Palo Santo te llaman, mas no por carecer de pecado; lo santo no se pregona ni se vive disfrazado. Tu aroma son tus acciones, sin mirar a quién agradar; ¡Palo santo bendito, bendito por adornar mi tierra y mi morada; ese será tu altar!

Comentarios +

Comentarios8

  • Carlosg

    Karencita un belleza tus letras , admirable esas experiencias, ya se te extrañaba, sigamos así.
    Un abrazo.

    • Karen García Zambrano

      Carlos, gracias por visitar mis rincón poético, ya estamos retomando.
      Buen anoche amigo de letras.

    • Mauro Enrique Lopez Z.

      Karencita gracias por esa amistad lo estaremos leyendo saludo desde Manta Ecuador

      • Karen García Zambrano

        A usted gracias por visitar mis lugar mágico.
        Saludos desde Portoviejo

      • Noa Subin

        Lo leo una y otra vez y siempre encuentro algo nuevo. Es como la poesía misma – eterna y cambiante.

        Saludos cordiales

        • Karen García Zambrano

          Me encanta saber eso ,que mis letras te puedan hacer sentir y vivir ,siempre Bienvenido Noa.

          • Noa Subin

            ¡Qué bellas palabras, querida amiga!
            Ese mensaje resume todo lo que significa hacer poesía: escribir no es solo dejar letras en un papel, sino crear mundos donde los demás puedan sentir y vivir. Saber que tus versos abren sus puertas con tanta calidez es el mayor regalo que un poeta puede recibir. Has capturado el alma misma de nuestra arte: la conexión que une quien escribe con quien lee, como si fuéramos parte de un mismo sueño. ¡Magnífico!

          • JUSTO ALDÚ

            La promesa de cuidar al "hijo" del árbol transforma tu texto en un compromiso personal con la conservación, recordándonos que la verdadera relación con la naturaleza no consiste en explotar sus recursos, sino en protegerlos y convivir con ellos.

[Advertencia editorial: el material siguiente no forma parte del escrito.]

(* Let $\mathbb{F}\in\{\mathbb{R},\mathbb{C}\}$, let $F=\{f_i\}_{i=1}^n$ be a $2_c$-uniform $(n,k)$-frame in $\mathbb{F}^k$ with analysis operator $V$, and let $Q$ be its Seidel matrix, i.e. the $n\times n$ matrix with $VV^*=\frac{k}{n}I_n+c_{n,k}Q$, where $c_{n,k}=\sqrt{\frac{k(n-k)}{n^2(n-1)}}$. Then for every $1\le m\le n$, $$e_m^{\infty}(F)\le \frac{k}{n}+(m-1)c_{n,k},$$ with equality if and only if some $m\times m$ principal submatrix $Q_m$ of $Q$ (obtained by keeping the same set of $m$ rows and columns) is switching equivalent to $J_m-I_m$, where $J_m$ is the $m\times m$ all-ones matrix.
   Context: An $(n,k)$-frame is a Parseval frame $\{f_i\}_{i=1}^n$ for $\mathbb{F}^k$; its analysis operator $V:\mathbb{F}^k\to\mathbb{F}^n$, $Vx=(\langle x,f_i\rangle)_{i=1}^n$, is an isometry. Let $\mathcal{D}_m$ be the set of $n\times n$ diagonal matrices with exactly $m$ diagonal entries equal to $1$ and the rest $0$, and $e_m^{\infty}(F)=\max\{\|V^*DV\|: D\in\mathcal{D}_m\}$ (operator norm). $F$ is called $m$-uniform if $\|V^*DV\|$ is the same for all $D\in\mathcal{D}_m$, and $m_c$-uniform if it is $\ell$-uniform for every $\ell=1,\dots,m$; a $2_c$-uniform $(n,k)$-frame is exactly an equiangular Parseval frame, and for it $VV^*=\frac{k}{n}I+c_{n,k}Q$ with $Q$ a Seidel matrix. A Seidel matrix is a self-adjoint $n\times n$ matrix with zero diagonal and off-diagonal entries of modulus $1$. Two Seidel matrices $Q,S$ are switching equivalent if $Q=PDSD^{-1}P^{-1}$ for some permutation matrix $P$ and some diagonal matrix $D$ whose diagonal entries have modulus $1$. *)

theory Defs
  imports Complex_Main "HOL-Combinatorics.Permutations"
begin
text \<open>The slack \<open>s\<close> stands for \<open>max (- (A\<^sup>T y + D\<^sup>T z)) 0\<close>; unlike the box dual itself,
  the relaxed objective is coercive on a closed set.\<close>
lemma has_global_min_box_relaxation:
  fixes A :: "real^'n^'m" and D :: "real^'n^'r" and gam :: "real^'n"
  assumes gam: "\<forall>j. 0 < gam $ j"
  shows "has_global_min (\<lambda>(y, s). (1/2) * (norm y)\<^sup>2 + a \<bullet> y + (\<Sum>j\<in>UNIV. s $ j * gam $ j))
    {(y, s). s \<in> nonneg_orthant \<and> transpose A *v y + s \<in> orthant_plus_range D T}"
    (is "has_global_min ?F ?E")
proof (rule has_global_min_bounded_sublevel)
  have "bounded_linear (\<lambda>p. transpose A *v fst p + snd p :: real^'n)"
    by (intro bounded_linear_add bounded_linear_compose[OF matrix_vector_mul_bounded_linear]
        bounded_linear_fst bounded_linear_snd)
  then have "closed ((\<lambda>p. transpose A *v fst p + snd p) -` orthant_plus_range D T)"
    by (intro continuous_closed_vimage closed_orthant_plus_range linear_continuous_at)
  moreover have "closed (UNIV \<times> (nonneg_orthant :: (real^'n) set) :: ((real^'m) \<times> (real^'n)) set)"
    by (intro closed_Times closed_UNIV polyhedron_imp_closed polyhedron_nonneg_orthant)
  moreover have "?E = (UNIV \<times> nonneg_orthant)
      \<inter> (\<lambda>p. transpose A *v fst p + snd p) -` orthant_plus_range D T"
    by auto
  ultimately show "closed ?E" by (simp add: closed_Int)
  show "(0, 0) \<in> ?E"
    by (auto simp: nonneg_orthant_def orthant_plus_range_def intro!: exI[of _ 0])
  show "continuous_on ?E ?F"
    unfolding case_prod_beta' by (intro continuous_intros)
  fix p assume "p \<in> ?E" and "?F p \<le> ?F (0, 0)"
  then obtain y s where p: "p = (y, s)" and s: "\<forall>j. 0 \<le> s $ j"
    and sub: "(1/2) * (norm y)\<^sup>2 + a \<bullet> y + (\<Sum>j\<in>UNIV. s $ j * gam $ j) \<le> 0"
    by (auto simp: nonneg_orthant_def)
  have terms: "0 \<le> s $ j * gam $ j" for j using s gam by (simp add: less_imp_le)
  note bounds = half_sq_norm_plus_inner_sublevel[OF sub sum_nonneg[OF terms]]
  have s_bound: "\<bar>s $ j\<bar> \<le> (1/2) * (norm a)\<^sup>2 / gam $ j" for j
  proof -
    have "s $ j * gam $ j \<le> (\<Sum>j\<in>UNIV. s $ j * gam $ j)"
      by (rule member_le_sum) (use terms in auto)
    with bounds(2) have "s $ j * gam $ j \<le> (1/2) * (norm a)\<^sup>2" by linarith
    then show ?thesis using s gam by (simp add: pos_le_divide_eq)
  qed
  have "norm s \<le> (\<Sum>j\<in>UNIV. (1/2) * (norm a)\<^sup>2 / gam $ j)"
    by (rule order_trans[OF norm_le_l1_cart sum_mono]) (rule s_bound)
  then show "norm p \<le> 2 * norm a + (\<Sum>j\<in>UNIV. (1/2) * (norm a)\<^sup>2 / gam $ j)"
    using norm_Pair_le[of y s] bounds(1) p by simp
qed
lemma tang_det_sum_eq: "tang_det r (k - 1) + tang_det r k + tang_det r (k + 1) = tang_det_sum r"
  using periodic3_cyclic_invariant[of "tang_det r" "\<lambda>x y z. x + y + z" k, OF tang_det_periodic]
  by (simp add: tang_det_sum_def add_ac)

lemma tang_det_pair_sum_eq:
  "tang_det r (k - 1) * tang_det r k + tang_det r k * tang_det r (k + 1) + tang_det r (k + 1) * tang_det r (k - 1)
     = tang_det_pair_sum r"
  using periodic3_cyclic_invariant[of "tang_det r" "\<lambda>x y z. x * y + y * z + z * x" k, OF tang_det_periodic]
  by (simp add: tang_det_pair_sum_def add_ac mult_ac)

lemma tang_det_prod_eq: "tang_det r k * tang_det r (k + 1) * tang_det r (k + 2) = tang_det_prod r"
  using periodic3_cyclic_invariant[of "tang_det r" "\<lambda>x y z. x * y * z" "k + 1", OF tang_det_periodic]
  by (simp add: tang_det_prod_def mult_ac add.assoc)

lemma tang_det_sum_sign: "0 < \<sigma> * tang_det_sum r"
  using tang_det_sign[of 0] tang_det_sign[of 1] tang_det_sign[of 2]
  by (simp add: tang_det_sum_def distrib_left)

lemma tang_det_sum_nonzero: "tang_det_sum r \<noteq> 0"
  using tang_det_sum_sign by auto

lemma tang_det_pair_sum_pos: "0 < tang_det_pair_sum r"
  using same_sign_mult_pos[OF tang_det_sign tang_det_sign]
  by (simp add: tang_det_pair_sum_def add_pos_pos)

            Aquí en Panamá también contamos con árboles emblemáticos que forman parte de nuestro patrimonio natural y cultural, y que merecen igual cuidado y admiración. Entre ellos destacan el majestuoso guayacán, que cada verano tiñe de amarillo extensas regiones del país; el espavé, de imponente altura; el cedro amargo, apreciado por su madera; el corotú, generoso en sombra; y el histórico árbol Panamá, cuyo nombre identifica a nuestra nación. Todos ellos son testigos silenciosos del paso del tiempo y refugio de innumerables especies. Al igual que el Palo Santo en este texto, nos recuerdan que la riqueza de una tierra no solo se mide por lo que produce, sino también por aquello que es capaz de conservar para las generaciones futuras.

            Un abrazo.

          • Nelly Cevallos - Liora

            Karencita,

            Como compatriota, ha sido especialmente grato encontrar un poema que convierte al Palo Santo en un símbolo de memoria, identidad y respeto por la tierra que compartimos. La voz poética establece un diálogo con el árbol que trasciende lo descriptivo y lo convierte en un guardián de historia y pertenencia.

            También encuentro significativo el contraste entre el aprovechamiento de sus dones y el llamado a preservar su permanencia. Esa tensión aporta al poema una dimensión ética que acompaña con coherencia el desarrollo de las imágenes.

            Gracias por compartir tu escritura.

            Recibe un cordial saludo.

            — LIORA

          • Poesía Herética

            Hola Karen, tienes la facilidad de encontrar en lo cotidiano (un dulce, una flor, un molino, una pulsera, etc.) un valor mas allá del que la mayoría solemos percibir y lo vuelves inspiración.

            Es difícil no imaginar al árbol como un guardián paciente de memorias, aromas y vidas, ofreciendo siempre algo de sí mismo. Y la responsabilidad que tenemos de perpetuarlas a través de ese retoño.


            Gracias por compartir y recibe un cordial saludo.

          • claudio ramirez vasquez

            El Palo Santo, descubre tu sensibilidad poética y por siempre muy agradecido de tus versos y tus besos...

          • Mirian del Pozo

            Inspiración que llena los sentidos así como tus otros poemas ,cada uno es una vida un homenaje .
            Gusto de leer tus versos y esas manos mágicas.